What needs to be done — Below are records; count the lines that contain "shows" and give only the total.

Stored data —
§

(* Let $A$ be a finite alphabet. Consider two words $u,u'\in A^*$, both of richness $m$, with rich factorizations $u=u_1a_1\cdots u_ma_mv$ and $u'=u'_1a_1\cdots u'_ma_mv'$ (with the same letters $a_1,\ldots,a_m$). Suppose that $v\sim_n v'$ and that $u_i\sim_{n+1}u'_i$ for all $i=1,\ldots,m$. Then $u\sim_{n+m}u'$.
   Context: A word is rich if every letter of $A$ occurs in it, and poor otherwise. $u$ is $\ell$-rich if $u=w_1\cdots w_\ell w'$ with $w_1,\ldots,w_\ell$ rich; the richness of $u$ is the largest such $\ell$. The rich factorization of $u$ is defined inductively: if $u$ is poor it is $u=v$ with $m=0$; otherwise $u_1a_1$ ($a_1$ a letter) is the shortest rich prefix of $u$, followed by the rich factorization $u_2a_2\cdots u_ma_mv$ of the remaining suffix. Thus $u=u_1a_1\cdots u_ma_mv$ with $m$ the richness of $u$. $u\sim_n v$ iff $u,v$ have the same (scattered) subwords of length at most $n$. *)

theory Defs
  imports Main "HOL-Library.Sublist"
begin

definition rich :: "'a set \<Rightarrow> 'a list \<Rightarrow> bool" where
  "rich A w \<longleftrightarrow> A \<subseteq> set w"

definition simeq :: "nat \<Rightarrow> 'a list \<Rightarrow> 'a list \<Rightarrow> bool" where
  "simeq n u v \<longleftrightarrow> (\<forall>w. length w \<le> n \<longrightarrow> (subseq w u \<longleftrightarrow> subseq w v))"

definition richness :: "'a set \<Rightarrow> 'a list \<Rightarrow> nat" where
  "richness A u = (GREATEST l. \<exists>ws w'. length ws = l \<and> (\<forall>x\<in>set ws. rich A x) \<and> u = concat ws @ w')"

text \<open>Rich factorization u = u_1 a_1 ... u_m a_m v, unfolding the inductive definition:
  u_i a_i is the shortest rich prefix of the remaining suffix (i.e. u_i a_i rich, u_i poor),
  and the final remainder v is poor.\<close>
fun rich_factorization :: "'a set \<Rightarrow> 'a list \<Rightarrow> 'a list list \<Rightarrow> 'a list \<Rightarrow> 'a list \<Rightarrow> bool" where
  "rich_factorization A u [] [] v \<longleftrightarrow> \<not> rich A u \<and> u = v"
| "rich_factorization A u (x # xs) (a # as) v \<longleftrightarrow>
     rich A u \<and> (\<exists>r. u = x @ [a] @ r \<and> rich A (x @ [a]) \<and> \<not> rich A x
                        \<and> rich_factorization A r xs as v)"
| "rich_factorization A u _ _ v \<longleftrightarrow> False"

end

theory Submission
  imports Defs
begin

text \<open>Induction on the number of rich blocks. Write u = y r and u' = y' r' with y = u_1 a_1
  and y' = u'_1 a_1, so that y ~_(n+1) y', y' is rich, and r ~_(n+m-1) r' by induction.
  Since r and r' each begin with m - 1 rich words, every word of length at most m - 1 is a
  subword of both. Split an embedding of a subword w of u, |w| <= n + m, as w = w1 w2 with w1
  in y and w2 in r. If |w1| > n, the first n + 1 letters of w embed in y' and the rest, of
  length at most m - 1, in r'. If 0 < |w1| <= n, both parts transfer directly. If w1 is empty,
  the first letter of w occurs in the rich word y' and the rest, of length at most n + m - 1,
  embeds in r'.\<close>

definition universal :: "'a set \<Rightarrow> nat \<Rightarrow> 'a list \<Rightarrow> bool" where
  "universal A k r \<longleftrightarrow> (\<forall>z. set z \<subseteq> A \<longrightarrow> length z \<le> k \<longrightarrow> subseq z r)"

lemma universal_0: "universal A 0 r"
  unfolding universal_def by simp

lemma universal_append_rich:
  assumes "rich A y" and "universal A k r"
  shows "universal A (Suc k) (y @ r)"
  unfolding universal_def
proof (intro allI impI)
  fix z :: "'a list"
  assume z: "set z \<subseteq> A" "length z \<le> Suc k"
  show "subseq z (y @ r)"
  proof (cases z)
    case Nil
    then show ?thesis by simp
  next
    case (Cons c z')
    with z assms(1) have "subseq [c] y"
      by (auto simp: rich_def subseq_singleton_left)
    moreover from z Cons assms(2) have "subseq z' r"
      by (simp add: universal_def)
    ultimately have "subseq ([c] @ z') (y @ r)"
      by (rule list_emb_append_mono)
    with Cons show ?thesis by simp
  qed
qed

lemma universal_of_rich_factorization:
  "rich_factorization A u us as v \<Longrightarrow> universal A (length as) u"
proof (induction A u us as v rule: rich_factorization.induct)
  case (2 A u x xs a as v)
  then obtain r where "u = (x @ [a]) @ r" "rich A (x @ [a])" "rich_factorization A r xs as v"
    by auto
  with 2 show ?case
    by (simp add: universal_append_rich del: append_assoc)
qed (simp_all add: universal_0)

lemma set_mono_subseq: "subseq xs ys \<Longrightarrow> set xs \<subseteq> set ys"
  by (induction rule: list_emb.induct) auto

lemma simeq_sym: "simeq n u v \<Longrightarrow> simeq n v u"
  unfolding simeq_def by blast

lemma subseq_append_right_transfer:
  assumes "simeq n x x'" and "length w \<le> n" and "subseq w (x @ z)"
  shows "subseq w (x' @ z)"
proof -
  obtain w1 w2 where w: "w = w1 @ w2" "subseq w1 x" "subseq w2 z"
    using subseq_appendE[OF assms(3)] by blast
  with assms(1,2) have "subseq w1 x'"
    by (auto simp: simeq_def)
  with w show ?thesis
    by (simp add: list_emb_append_mono)
qed

lemma simeq_append_right:
  assumes "simeq n x x'"
  shows "simeq n (x @ z) (x' @ z)"
  unfolding simeq_def
  using subseq_append_right_transfer[OF assms] subseq_append_right_transfer[OF simeq_sym[OF assms]]
  by blast

lemma subseq_transfer_rich_block:
  assumes y: "simeq (Suc n) y y'" "rich A y'"
    and r: "simeq N r r'" "universal A (N - n) r'"
    and w: "set w \<subseteq> A" "length w \<le> Suc N" "subseq w (y @ r)"
  shows "subseq w (y' @ r')"
proof -
  obtain w1 w2 where split: "w = w1 @ w2" "subseq w1 y" "subseq w2 r"
    using subseq_appendE[OF w(3)] by blast
  consider "Suc n \<le> length w1" | "w1 = []" | "w1 \<noteq> []" "length w1 \<le> n"
    by linarith
  then show ?thesis
  proof cases
    case 1
    define p where "p = take (Suc n) w1"
    define q where "q = drop (Suc n) w1 @ w2"
    have "subseq p w1"
      unfolding p_def by (metis append_take_drop_id prefix_imp_subseq prefixI)
    with split(2) 1 y(1) have "subseq p y'"
      by (auto simp: simeq_def p_def dest: subseq_order.order_trans)
    moreover have "subseq q r'"
    proof -
      from split w(1) have "set q \<subseteq> A"
        by (auto simp: q_def dest: in_set_dropD)
      moreover from split(1) w(2) 1 have "length q \<le> N - n"
        by (simp add: q_def)
      ultimately show ?thesis
        using r(2) by (simp add: universal_def)
    qed
    moreover have "w = p @ q"
      using split(1) by (simp add: p_def q_def)
    ultimately show ?thesis
      by (simp add: list_emb_append_mono)
  next
    case 2
    show ?thesis
    proof (cases w)
      case (Cons c w')
      with w(1) y(2) have "subseq [c] y'"
        by (auto simp: rich_def subseq_singleton_left)
      moreover from split 2 Cons have "subseq w' r"
        by (auto intro: subseq_Cons')
      with w(2) Cons r(1) have "subseq w' r'"
        by (auto simp: simeq_def)
      ultimately have "subseq ([c] @ w') (y' @ r')"
        by (rule list_emb_append_mono)
      with Cons show ?thesis by simp
    qed simp
  next
    case 3
    with split(2) y(1) have "subseq w1 y'"
      by (auto simp: simeq_def)
    moreover have "subseq w2 r'"
    proof -
      from 3 split(1) w(2) have "length w2 \<le> N"
        by (cases w1) auto
      with split(3) r(1) show ?thesis
        by (simp add: simeq_def)
    qed
    ultimately show ?thesis
      using split(1) by (simp add: list_emb_append_mono)
  qed
qed

lemma simeq_append_rich_block:
  assumes "simeq (Suc n) y y'" "rich A y" "rich A y'"
    and "simeq N r r'" "universal A (N - n) r" "universal A (N - n) r'"
    and "set (y @ r) \<subseteq> A" "set (y' @ r') \<subseteq> A"
  shows "simeq (Suc N) (y @ r) (y' @ r')"
  unfolding simeq_def
proof (intro allI impI iffI)
  fix w :: "'a list"
  assume len: "length w \<le> Suc N"
  show "subseq w (y' @ r')" if "subseq w (y @ r)"
    using subseq_transfer_rich_block[OF assms(1,3,4,6) _ len that]
      set_mono_subseq[OF that] assms(7) by blast
  show "subseq w (y @ r)" if "subseq w (y' @ r')"
    using subseq_transfer_rich_block[OF simeq_sym[OF assms(1)] assms(2) simeq_sym[OF assms(4)] assms(5) _ len that]
      set_mono_subseq[OF that] assms(8) by blast
qed

lemma simeq_of_rich_factorizations:
  assumes "rich_factorization A u us as v" "rich_factorization A u' us' as v'"
    and "set u \<subseteq> A" "set u' \<subseteq> A" "simeq n v v'"
    and "\<forall>i<length as. simeq (Suc n) (us ! i) (us' ! i)"
  shows "simeq (n + length as) u u'"
  using assms
proof (induction as arbitrary: u u' us us')
  case Nil
  have "u = v" using Nil.prems(1) by (cases us) simp_all
  moreover have "u' = v'" using Nil.prems(2) by (cases us') simp_all
  ultimately show ?case using Nil.prems(5) by simp
next
  case (Cons a as)
  obtain x xs r where u: "u = (x @ [a]) @ r" "rich A (x @ [a])" "rich_factorization A r xs as v"
    and us: "us = x # xs"
    using Cons.prems(1) by (cases us) auto
  obtain x' xs' r' where u': "u' = (x' @ [a]) @ r'" "rich A (x' @ [a])" "rich_factorization A r' xs' as v'"
    and us': "us' = x' # xs'"
    using Cons.prems(2) by (cases us') auto
  have "simeq (Suc n) x x'"
    using Cons.prems(6)[rule_format, of 0] us us' by simp
  then have block: "simeq (Suc n) (x @ [a]) (x' @ [a])"
    by (rule simeq_append_right)
  have tail: "simeq (n + length as) r r'"
  proof (rule Cons.IH[OF u(3) u'(3)])
    show "set r \<subseteq> A" "set r' \<subseteq> A"
      using Cons.prems(3,4) u(1) u'(1) by auto
    show "\<forall>i<length as. simeq (Suc n) (xs ! i) (xs' ! i)"
      using Cons.prems(6) us us' by auto
  qed (rule Cons.prems(5))
  have "universal A (n + length as - n) r" "universal A (n + length as - n) r'"
    using universal_of_rich_factorization[OF u(3)] universal_of_rich_factorization[OF u'(3)]
    by simp_all
  from simeq_append_rich_block[OF block u(2) u'(2) tail this] Cons.prems(3,4) u(1) u'(1)
  show ?case
    by simp
qed

theorem lemma5:
  fixes A :: "'a set" and u u' v v' :: "'a list" and us us' :: "'a list list"
    and as :: "'a list" and m n :: nat
  assumes "finite A"
    and "set u \<subseteq> A" and "set u' \<subseteq> A"
    and "richness A u = m" and "richness A u' = m"
    and "rich_factorization A u us as v" and "rich_factorization A u' us' as v'"
    and "length as = m"
    and "simeq n v v'"
    and "\<forall>i<m. simeq (Suc n) (us ! i) (us' ! i)"
  shows "simeq (n + m) u u'"
  using simeq_of_rich_factorizations[OF assms(6,7,2,3,9)] assms(8,10) by simp

end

§

Output below — 7